### The task
Search the entries below for the word "text" and copy each line that has it.

### The input
——

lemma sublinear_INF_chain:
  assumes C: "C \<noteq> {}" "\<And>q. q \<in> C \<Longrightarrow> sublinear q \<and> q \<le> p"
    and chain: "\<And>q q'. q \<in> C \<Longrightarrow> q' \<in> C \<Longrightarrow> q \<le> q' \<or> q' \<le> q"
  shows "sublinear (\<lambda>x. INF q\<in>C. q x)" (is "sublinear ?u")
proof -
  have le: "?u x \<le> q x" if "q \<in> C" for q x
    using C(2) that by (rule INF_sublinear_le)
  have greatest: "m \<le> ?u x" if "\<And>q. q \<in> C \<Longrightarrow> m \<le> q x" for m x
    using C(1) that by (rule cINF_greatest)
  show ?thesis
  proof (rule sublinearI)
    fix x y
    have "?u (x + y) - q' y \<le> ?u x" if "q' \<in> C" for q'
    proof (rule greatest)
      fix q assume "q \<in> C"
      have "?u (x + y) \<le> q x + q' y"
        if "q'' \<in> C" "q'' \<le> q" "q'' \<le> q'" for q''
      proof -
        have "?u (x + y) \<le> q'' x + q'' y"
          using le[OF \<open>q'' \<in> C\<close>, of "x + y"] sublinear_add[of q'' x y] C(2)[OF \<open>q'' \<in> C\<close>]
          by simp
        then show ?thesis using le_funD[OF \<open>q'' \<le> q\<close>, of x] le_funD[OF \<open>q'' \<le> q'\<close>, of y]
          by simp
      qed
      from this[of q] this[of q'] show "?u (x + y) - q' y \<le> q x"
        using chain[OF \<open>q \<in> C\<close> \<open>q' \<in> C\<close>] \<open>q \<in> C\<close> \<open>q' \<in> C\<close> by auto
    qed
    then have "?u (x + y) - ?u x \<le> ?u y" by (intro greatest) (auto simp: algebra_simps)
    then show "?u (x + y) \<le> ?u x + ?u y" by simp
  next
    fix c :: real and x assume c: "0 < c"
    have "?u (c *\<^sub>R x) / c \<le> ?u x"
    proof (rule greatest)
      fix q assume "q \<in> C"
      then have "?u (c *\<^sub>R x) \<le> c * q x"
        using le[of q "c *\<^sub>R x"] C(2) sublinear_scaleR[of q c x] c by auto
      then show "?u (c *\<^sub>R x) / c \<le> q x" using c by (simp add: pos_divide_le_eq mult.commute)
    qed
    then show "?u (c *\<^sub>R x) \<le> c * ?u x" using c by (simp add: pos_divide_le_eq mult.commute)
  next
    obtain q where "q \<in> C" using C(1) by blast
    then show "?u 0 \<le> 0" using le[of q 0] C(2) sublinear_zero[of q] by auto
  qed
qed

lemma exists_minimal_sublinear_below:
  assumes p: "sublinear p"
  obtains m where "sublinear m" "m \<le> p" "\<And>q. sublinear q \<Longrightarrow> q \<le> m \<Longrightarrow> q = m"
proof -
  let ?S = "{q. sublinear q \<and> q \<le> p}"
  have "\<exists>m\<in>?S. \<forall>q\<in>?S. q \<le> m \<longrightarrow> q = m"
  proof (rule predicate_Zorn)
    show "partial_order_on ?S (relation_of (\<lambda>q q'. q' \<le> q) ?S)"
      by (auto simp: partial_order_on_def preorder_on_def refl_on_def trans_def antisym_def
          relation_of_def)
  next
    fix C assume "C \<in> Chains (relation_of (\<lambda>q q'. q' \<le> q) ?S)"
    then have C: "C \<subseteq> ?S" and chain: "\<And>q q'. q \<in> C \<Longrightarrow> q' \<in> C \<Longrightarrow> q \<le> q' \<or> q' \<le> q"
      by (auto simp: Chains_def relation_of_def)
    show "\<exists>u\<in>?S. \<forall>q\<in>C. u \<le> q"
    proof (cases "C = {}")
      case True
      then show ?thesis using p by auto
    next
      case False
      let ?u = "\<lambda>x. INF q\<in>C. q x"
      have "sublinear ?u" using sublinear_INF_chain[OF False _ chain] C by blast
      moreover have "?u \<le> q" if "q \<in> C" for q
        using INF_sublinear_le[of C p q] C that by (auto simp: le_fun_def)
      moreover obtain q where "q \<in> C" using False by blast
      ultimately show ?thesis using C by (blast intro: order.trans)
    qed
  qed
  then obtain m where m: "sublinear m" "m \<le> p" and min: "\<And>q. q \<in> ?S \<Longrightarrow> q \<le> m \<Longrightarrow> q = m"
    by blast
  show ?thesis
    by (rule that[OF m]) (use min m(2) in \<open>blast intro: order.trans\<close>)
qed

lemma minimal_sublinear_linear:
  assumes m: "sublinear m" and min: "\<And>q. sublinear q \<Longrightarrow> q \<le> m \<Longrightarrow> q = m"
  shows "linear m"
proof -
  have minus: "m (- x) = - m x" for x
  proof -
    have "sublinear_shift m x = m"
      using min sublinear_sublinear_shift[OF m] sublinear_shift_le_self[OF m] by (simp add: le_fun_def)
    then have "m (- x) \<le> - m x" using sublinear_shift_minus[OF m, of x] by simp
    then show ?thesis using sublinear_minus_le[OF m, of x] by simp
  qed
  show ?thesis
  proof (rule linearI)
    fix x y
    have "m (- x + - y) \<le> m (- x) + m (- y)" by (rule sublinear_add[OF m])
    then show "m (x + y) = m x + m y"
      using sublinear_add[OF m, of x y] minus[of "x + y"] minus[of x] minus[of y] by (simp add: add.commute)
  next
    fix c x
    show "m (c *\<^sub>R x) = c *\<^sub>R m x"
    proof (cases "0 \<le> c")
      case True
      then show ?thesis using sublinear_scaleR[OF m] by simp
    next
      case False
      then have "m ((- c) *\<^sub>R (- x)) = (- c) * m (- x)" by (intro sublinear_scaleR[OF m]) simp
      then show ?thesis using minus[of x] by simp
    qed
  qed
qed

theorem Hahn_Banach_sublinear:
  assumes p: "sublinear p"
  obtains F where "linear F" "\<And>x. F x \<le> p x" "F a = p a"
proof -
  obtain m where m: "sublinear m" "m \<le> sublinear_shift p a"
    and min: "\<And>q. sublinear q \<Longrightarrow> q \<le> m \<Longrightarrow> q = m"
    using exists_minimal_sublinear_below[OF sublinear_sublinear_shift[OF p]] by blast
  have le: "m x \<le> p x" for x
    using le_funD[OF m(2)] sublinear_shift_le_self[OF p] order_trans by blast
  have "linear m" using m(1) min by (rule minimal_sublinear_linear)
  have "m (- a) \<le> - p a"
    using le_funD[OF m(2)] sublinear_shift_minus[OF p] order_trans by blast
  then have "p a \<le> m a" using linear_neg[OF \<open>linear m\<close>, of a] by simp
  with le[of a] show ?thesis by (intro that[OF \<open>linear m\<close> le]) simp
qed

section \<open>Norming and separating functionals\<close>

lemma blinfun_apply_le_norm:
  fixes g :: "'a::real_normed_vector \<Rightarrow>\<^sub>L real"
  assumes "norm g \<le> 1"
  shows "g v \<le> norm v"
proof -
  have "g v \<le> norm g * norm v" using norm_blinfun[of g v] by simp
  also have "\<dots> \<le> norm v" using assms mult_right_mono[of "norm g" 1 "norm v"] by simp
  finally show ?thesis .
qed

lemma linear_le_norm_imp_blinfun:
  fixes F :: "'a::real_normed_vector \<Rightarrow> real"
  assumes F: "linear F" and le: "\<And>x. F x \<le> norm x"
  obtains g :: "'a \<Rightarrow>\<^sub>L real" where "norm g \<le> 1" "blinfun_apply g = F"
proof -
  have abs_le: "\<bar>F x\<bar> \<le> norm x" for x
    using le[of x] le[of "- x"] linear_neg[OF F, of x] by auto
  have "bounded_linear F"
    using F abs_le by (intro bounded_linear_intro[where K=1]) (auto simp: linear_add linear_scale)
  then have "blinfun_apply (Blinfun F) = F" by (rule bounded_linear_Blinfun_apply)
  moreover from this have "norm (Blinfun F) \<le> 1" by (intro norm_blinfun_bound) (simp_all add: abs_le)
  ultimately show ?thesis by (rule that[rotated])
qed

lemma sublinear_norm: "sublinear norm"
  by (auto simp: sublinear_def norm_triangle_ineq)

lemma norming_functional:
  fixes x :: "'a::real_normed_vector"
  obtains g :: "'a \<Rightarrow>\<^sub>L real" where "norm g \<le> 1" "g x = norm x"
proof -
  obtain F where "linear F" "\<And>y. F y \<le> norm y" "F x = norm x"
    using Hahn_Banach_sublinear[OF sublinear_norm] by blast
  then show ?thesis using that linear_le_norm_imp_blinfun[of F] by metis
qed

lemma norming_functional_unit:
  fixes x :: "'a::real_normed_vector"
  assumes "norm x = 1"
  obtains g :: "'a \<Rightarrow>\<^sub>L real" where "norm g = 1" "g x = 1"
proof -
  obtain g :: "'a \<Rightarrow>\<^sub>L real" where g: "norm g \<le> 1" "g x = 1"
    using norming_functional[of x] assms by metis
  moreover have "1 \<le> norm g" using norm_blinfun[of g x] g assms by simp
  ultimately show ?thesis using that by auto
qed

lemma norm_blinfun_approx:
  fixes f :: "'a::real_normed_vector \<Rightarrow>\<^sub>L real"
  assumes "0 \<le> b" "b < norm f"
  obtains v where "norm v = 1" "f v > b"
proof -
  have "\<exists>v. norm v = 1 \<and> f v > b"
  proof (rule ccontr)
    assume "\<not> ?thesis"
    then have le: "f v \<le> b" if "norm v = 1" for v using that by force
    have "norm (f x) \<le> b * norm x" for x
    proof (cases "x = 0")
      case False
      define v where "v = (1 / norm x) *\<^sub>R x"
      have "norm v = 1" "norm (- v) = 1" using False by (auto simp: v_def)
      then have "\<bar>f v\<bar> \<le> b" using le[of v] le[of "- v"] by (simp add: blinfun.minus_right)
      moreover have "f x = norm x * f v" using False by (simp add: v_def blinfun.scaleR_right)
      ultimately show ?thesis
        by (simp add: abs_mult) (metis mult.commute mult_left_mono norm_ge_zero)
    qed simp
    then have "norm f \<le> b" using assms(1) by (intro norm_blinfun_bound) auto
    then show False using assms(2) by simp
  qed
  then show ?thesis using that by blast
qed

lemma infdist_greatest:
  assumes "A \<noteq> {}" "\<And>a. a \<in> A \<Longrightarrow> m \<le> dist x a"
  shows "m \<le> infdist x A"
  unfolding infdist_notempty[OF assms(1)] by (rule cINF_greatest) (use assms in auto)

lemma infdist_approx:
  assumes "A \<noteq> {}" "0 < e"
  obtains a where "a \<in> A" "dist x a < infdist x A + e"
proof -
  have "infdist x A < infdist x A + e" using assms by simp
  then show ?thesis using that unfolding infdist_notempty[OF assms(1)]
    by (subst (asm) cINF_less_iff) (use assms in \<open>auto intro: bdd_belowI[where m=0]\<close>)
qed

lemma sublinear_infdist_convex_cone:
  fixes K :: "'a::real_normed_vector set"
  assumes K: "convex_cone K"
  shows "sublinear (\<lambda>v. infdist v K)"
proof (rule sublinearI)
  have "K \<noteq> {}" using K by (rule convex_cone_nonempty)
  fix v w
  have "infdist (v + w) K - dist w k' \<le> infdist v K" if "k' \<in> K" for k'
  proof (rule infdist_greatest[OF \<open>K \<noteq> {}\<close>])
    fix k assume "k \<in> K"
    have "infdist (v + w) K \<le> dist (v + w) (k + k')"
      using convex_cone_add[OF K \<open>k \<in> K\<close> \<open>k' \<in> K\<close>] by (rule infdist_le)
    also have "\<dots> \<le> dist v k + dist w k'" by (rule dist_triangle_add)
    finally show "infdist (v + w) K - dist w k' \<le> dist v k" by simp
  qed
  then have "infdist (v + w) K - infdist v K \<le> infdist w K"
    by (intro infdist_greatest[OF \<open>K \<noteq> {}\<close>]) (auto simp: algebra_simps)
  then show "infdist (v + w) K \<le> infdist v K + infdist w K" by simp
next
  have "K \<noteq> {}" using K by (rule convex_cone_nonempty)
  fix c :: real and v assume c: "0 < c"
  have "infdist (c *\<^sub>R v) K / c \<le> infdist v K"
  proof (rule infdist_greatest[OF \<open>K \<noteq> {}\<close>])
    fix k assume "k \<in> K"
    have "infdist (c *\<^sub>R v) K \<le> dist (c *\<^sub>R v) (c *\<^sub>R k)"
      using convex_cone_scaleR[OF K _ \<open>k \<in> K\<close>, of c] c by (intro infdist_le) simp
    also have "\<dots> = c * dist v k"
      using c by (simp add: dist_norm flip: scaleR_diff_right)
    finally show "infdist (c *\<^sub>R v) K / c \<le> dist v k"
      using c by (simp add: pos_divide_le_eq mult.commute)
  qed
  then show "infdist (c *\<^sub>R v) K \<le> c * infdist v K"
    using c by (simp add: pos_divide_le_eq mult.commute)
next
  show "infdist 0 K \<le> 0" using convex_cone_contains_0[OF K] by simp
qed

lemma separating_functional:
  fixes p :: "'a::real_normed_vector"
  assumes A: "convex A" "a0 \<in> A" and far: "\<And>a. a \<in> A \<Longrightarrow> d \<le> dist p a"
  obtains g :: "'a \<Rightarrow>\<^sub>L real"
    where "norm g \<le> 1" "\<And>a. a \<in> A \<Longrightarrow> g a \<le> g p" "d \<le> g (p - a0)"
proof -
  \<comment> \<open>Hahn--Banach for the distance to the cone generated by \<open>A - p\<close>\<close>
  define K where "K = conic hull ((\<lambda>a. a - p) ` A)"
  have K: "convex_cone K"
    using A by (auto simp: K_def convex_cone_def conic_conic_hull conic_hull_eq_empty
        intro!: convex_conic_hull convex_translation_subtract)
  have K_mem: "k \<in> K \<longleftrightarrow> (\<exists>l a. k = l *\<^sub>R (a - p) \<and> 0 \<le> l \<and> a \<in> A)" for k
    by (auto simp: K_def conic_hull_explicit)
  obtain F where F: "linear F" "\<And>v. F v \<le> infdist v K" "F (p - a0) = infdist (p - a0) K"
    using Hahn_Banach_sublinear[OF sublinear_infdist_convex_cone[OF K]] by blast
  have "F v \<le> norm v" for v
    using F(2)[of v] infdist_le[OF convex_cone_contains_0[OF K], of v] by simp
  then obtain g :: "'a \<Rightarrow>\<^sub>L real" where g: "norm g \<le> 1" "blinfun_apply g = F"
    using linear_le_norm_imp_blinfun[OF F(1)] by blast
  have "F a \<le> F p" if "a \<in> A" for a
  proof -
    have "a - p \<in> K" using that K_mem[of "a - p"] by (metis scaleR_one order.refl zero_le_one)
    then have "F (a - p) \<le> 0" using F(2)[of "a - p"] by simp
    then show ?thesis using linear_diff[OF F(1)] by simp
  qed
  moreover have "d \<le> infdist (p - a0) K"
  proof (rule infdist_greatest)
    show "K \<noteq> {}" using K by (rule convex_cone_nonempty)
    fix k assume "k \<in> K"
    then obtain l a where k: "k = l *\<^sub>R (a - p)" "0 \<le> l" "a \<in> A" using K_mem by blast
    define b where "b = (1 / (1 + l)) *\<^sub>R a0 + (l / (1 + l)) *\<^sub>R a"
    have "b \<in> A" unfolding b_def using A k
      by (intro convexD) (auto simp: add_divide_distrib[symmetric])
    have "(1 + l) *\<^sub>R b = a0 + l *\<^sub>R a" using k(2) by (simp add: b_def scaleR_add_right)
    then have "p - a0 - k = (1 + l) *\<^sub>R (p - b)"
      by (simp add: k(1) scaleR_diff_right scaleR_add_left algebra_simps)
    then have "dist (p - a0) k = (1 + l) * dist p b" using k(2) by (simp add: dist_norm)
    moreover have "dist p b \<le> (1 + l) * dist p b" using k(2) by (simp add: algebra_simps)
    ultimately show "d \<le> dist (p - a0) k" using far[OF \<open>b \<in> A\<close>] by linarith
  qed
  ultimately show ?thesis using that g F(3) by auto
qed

——

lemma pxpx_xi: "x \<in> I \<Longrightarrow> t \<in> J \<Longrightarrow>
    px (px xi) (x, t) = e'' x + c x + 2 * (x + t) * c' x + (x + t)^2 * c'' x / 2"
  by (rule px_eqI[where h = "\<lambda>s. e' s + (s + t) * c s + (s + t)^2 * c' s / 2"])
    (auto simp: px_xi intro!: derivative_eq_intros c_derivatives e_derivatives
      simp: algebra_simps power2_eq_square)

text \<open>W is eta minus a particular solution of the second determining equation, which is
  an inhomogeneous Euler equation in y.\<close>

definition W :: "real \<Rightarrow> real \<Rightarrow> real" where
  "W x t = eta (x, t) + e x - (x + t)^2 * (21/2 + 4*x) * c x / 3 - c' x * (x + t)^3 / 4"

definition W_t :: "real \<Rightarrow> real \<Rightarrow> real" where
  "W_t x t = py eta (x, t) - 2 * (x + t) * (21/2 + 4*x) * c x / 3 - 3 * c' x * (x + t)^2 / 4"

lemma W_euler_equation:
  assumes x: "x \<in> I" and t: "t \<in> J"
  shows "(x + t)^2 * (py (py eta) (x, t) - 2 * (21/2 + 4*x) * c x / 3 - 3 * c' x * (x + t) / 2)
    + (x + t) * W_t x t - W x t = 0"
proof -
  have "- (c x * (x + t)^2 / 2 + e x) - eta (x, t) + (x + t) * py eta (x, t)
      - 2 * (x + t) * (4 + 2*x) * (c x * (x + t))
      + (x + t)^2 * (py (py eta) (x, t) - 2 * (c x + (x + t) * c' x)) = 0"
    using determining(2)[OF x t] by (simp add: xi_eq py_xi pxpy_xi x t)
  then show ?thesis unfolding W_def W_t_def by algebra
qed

——

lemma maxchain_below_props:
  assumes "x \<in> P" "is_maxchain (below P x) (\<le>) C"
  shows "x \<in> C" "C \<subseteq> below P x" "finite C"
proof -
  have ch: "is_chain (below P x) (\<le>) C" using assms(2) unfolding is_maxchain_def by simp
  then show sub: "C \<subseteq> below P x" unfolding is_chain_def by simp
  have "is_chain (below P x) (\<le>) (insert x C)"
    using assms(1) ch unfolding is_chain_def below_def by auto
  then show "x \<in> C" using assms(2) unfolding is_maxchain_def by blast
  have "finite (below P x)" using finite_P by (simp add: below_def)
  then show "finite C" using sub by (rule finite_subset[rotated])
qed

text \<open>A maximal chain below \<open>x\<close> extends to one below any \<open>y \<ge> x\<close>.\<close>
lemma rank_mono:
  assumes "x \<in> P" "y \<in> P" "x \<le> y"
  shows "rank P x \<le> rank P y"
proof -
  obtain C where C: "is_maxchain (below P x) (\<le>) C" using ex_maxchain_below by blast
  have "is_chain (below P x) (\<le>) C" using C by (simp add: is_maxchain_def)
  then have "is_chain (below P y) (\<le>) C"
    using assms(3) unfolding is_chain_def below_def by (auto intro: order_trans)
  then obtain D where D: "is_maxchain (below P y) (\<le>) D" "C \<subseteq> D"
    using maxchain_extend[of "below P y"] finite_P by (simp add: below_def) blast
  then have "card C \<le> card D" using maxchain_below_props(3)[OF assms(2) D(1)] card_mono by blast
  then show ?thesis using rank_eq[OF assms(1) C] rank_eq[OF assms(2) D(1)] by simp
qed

——

### Result of the task
text \<open>W is eta minus a particular solution of the second determining equation, which is
text \<open>A maximal chain below \<open>x\<close> extends to one below any \<open>y \<ge> x\<close>.\<close>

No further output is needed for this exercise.